## Exercise instructions
In the records below, find the line that contains "xs ! i = xs" and the line that contains "length xs +". Set down exactly those lines and every line between them, and nothing more.

=== Exercise data ===

(* Let $r \ge 0$ be an integer and let $G$ be a finite simple graph with at least $3$ vertices such that $\delta(G) \ge (r+1)\widetilde{\alpha}(G) + 3r$. Then $G$ contains $r+1$ pairwise edge-disjoint Hamilton cycles.
   Context: $\delta(G)$ denotes the minimum degree of $G$. For disjoint vertex sets $S,T$, $E(S,T)$ is the set of edges with one end in $S$ and one in $T$. An $(s,t)$-bipartite-hole in $G$ consists of two disjoint sets of vertices $S$ and $T$ with $|S|=s$, $|T|=t$ and $E(S,T)=\emptyset$. The bipartite-hole-number $\widetilde{\alpha}(G)$ is the least integer $r'$ which can be written as $r'=s+t-1$ for some positive integers $s,t$ such that $G$ contains no $(s,t)$-bipartite-hole. *)

theory Defs
  imports Main
begin

definition simple_graph :: "'a set \<Rightarrow> ('a \<Rightarrow> 'a \<Rightarrow> bool) \<Rightarrow> bool" where
  "simple_graph V E \<longleftrightarrow> finite V \<and> (\<forall>x y. E x y \<longrightarrow> x \<in> V \<and> y \<in> V)
     \<and> (\<forall>x y. E x y \<longrightarrow> E y x) \<and> (\<forall>x. \<not> E x x)"

definition degree :: "'a set \<Rightarrow> ('a \<Rightarrow> 'a \<Rightarrow> bool) \<Rightarrow> 'a \<Rightarrow> nat" where
  "degree V E v = card {u \<in> V. E v u}"

text \<open>Minimum degree (for nonempty V).\<close>
definition min_degree :: "'a set \<Rightarrow> ('a \<Rightarrow> 'a \<Rightarrow> bool) \<Rightarrow> nat" where
  "min_degree V E = Min (degree V E ` V)"

definition has_bip_hole :: "'a set \<Rightarrow> ('a \<Rightarrow> 'a \<Rightarrow> bool) \<Rightarrow> nat \<Rightarrow> nat \<Rightarrow> bool" where
  "has_bip_hole V E s t \<longleftrightarrow> (\<exists>S T. S \<subseteq> V \<and> T \<subseteq> V \<and> S \<inter> T = {} \<and>
      card S = s \<and> card T = t \<and> (\<forall>x\<in>S. \<forall>y\<in>T. \<not> E x y))"

definition bip_hole_number :: "'a set \<Rightarrow> ('a \<Rightarrow> 'a \<Rightarrow> bool) \<Rightarrow> nat" where
  "bip_hole_number V E = (LEAST r'. \<exists>s t. s \<ge> 1 \<and> t \<ge> 1 \<and> r' = s + t - 1 \<and>
      \<not> has_bip_hole V E s t)"

definition hamilton_cycle :: "'a set \<Rightarrow> ('a \<Rightarrow> 'a \<Rightarrow> bool) \<Rightarrow> 'a list \<Rightarrow> bool" where
  "hamilton_cycle V E xs \<longleftrightarrow> distinct xs \<and> set xs = V \<and> length xs \<ge> 3 \<and>
     (\<forall>i < length xs. E (xs ! i) (xs ! ((i + 1) mod length xs)))"

definition cycle_edges :: "'a list \<Rightarrow> 'a set set" where
  "cycle_edges xs = {{xs ! i, xs ! ((i + 1) mod length xs)} | i. i < length xs}"

end

theory Submission
  imports Defs
begin

text \<open>A graph on at least three vertices whose minimum degree is at least its
  bipartite-hole-number \<open>\<alpha>\<close> is Hamiltonian (McDiarmid and Yolov): if a longest cycle \<open>C\<close>
  misses a vertex, let \<open>H\<close> be the component of \<open>G - C\<close> containing it and \<open>N\<close> the set of
  neighbours of \<open>H\<close> on \<open>C\<close>. Maximality of \<open>C\<close> makes the successors on \<open>C\<close> of the vertices
  of \<open>N\<close> independent and non-adjacent to \<open>H\<close>, and counting the degrees of a vertex of \<open>H\<close> and
  of a vertex of \<open>C\<close> outside \<open>N\<close> yields an \<open>(s,t)\<close>-bipartite hole for the pair with
  \<open>s + t - 1 = \<alpha>\<close> that has none.
  Deleting the edges of \<open>k \<le> r\<close> Hamilton cycles lowers every degree by at most \<open>2k\<close> and turns
  an absent \<open>(s,t)\<close>-hole, \<open>s \<le> t\<close>, into an absent \<open>(s, t + 2ks)\<close>-hole, so the remaining graph
  \<open>G'\<close> satisfies \<open>\<alpha>(G') \<le> (k + 1) \<alpha>(G) + k \<le> \<delta>(G) - 2k \<le> \<delta>(G')\<close> and has a further
  Hamilton cycle.\<close>

lemma simple_graphD:
  assumes "simple_graph V E"
  shows "finite V" and "E x y \<Longrightarrow> x \<in> V" and "E x y \<Longrightarrow> y \<in> V" and "symp E" and "\<not> E x x"
  using assms unfolding simple_graph_def symp_def by blast+

definition cyclically :: "('a \<Rightarrow> 'a \<Rightarrow> bool) \<Rightarrow> 'a list \<Rightarrow> bool" where
  "cyclically E xs \<longleftrightarrow> (\<forall>i < length xs. E (xs ! i) (xs ! ((i + 1) mod length xs)))"

lemma hamilton_cycle_iff:
  "hamilton_cycle V E xs \<longleftrightarrow> distinct xs \<and> set xs = V \<and> 3 \<le> length xs \<and> cyclically E xs"
  unfolding hamilton_cycle_def cyclically_def by blast

lemma cyclically_iff_successively:
  assumes "xs \<noteq> []"
  shows "cyclically E xs \<longleftrightarrow> successively E xs \<and> E (last xs) (hd xs)"
proof -
  have split: "(\<forall>i < length xs. P i) \<longleftrightarrow> (\<forall>i. Suc i < length xs \<longrightarrow> P i) \<and> P (length xs - 1)" for P
  proof -
    have "i < length xs \<longleftrightarrow> Suc i < length xs \<or> i = length xs - 1" for i
      using assms by (cases xs) auto
    then show ?thesis by metis
  qed
  show ?thesis
    unfolding cyclically_def split using assms
    by (simp add: successively_conv_nth last_conv_nth hd_conv_nth)
qed

lemma cyclically_rotate:
  assumes "cyclically E xs"
  shows "cyclically E (rotate k xs)"
  unfolding cyclically_def
proof (intro allI impI)
  fix i assume i: "i < length (rotate k xs)"
  have n: "length xs > 0" using i by (cases xs) auto
  have "rotate k xs ! i = xs ! ((k + i) mod length xs)"
    using i by (simp add: nth_rotate)
  moreover have "rotate k xs ! ((i + 1) mod length (rotate k xs)) = xs ! (((k + i) mod length xs + 1) mod length xs)"
    using n by (simp add: nth_rotate mod_Suc_eq mod_add_right_eq)
  ultimately show "E (rotate k xs ! i) (rotate k xs ! ((i + 1) mod length (rotate k xs)))"
    using assms n unfolding cyclically_def by simp
qed

definition walk :: "('a \<Rightarrow> 'a \<Rightarrow> bool) \<Rightarrow> 'a set \<Rightarrow> 'a list \<Rightarrow> bool" where
  "walk E W xs \<longleftrightarrow> xs \<noteq> [] \<and> set xs \<subseteq> W \<and> successively E xs"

===

## Task output
  have "rotate k xs ! i = xs ! ((k + i) mod length xs)"
    using i by (simp add: nth_rotate)
  moreover have "rotate k xs ! ((i + 1) mod length (rotate k xs)) = xs ! (((k + i) mod length xs + 1) mod length xs)"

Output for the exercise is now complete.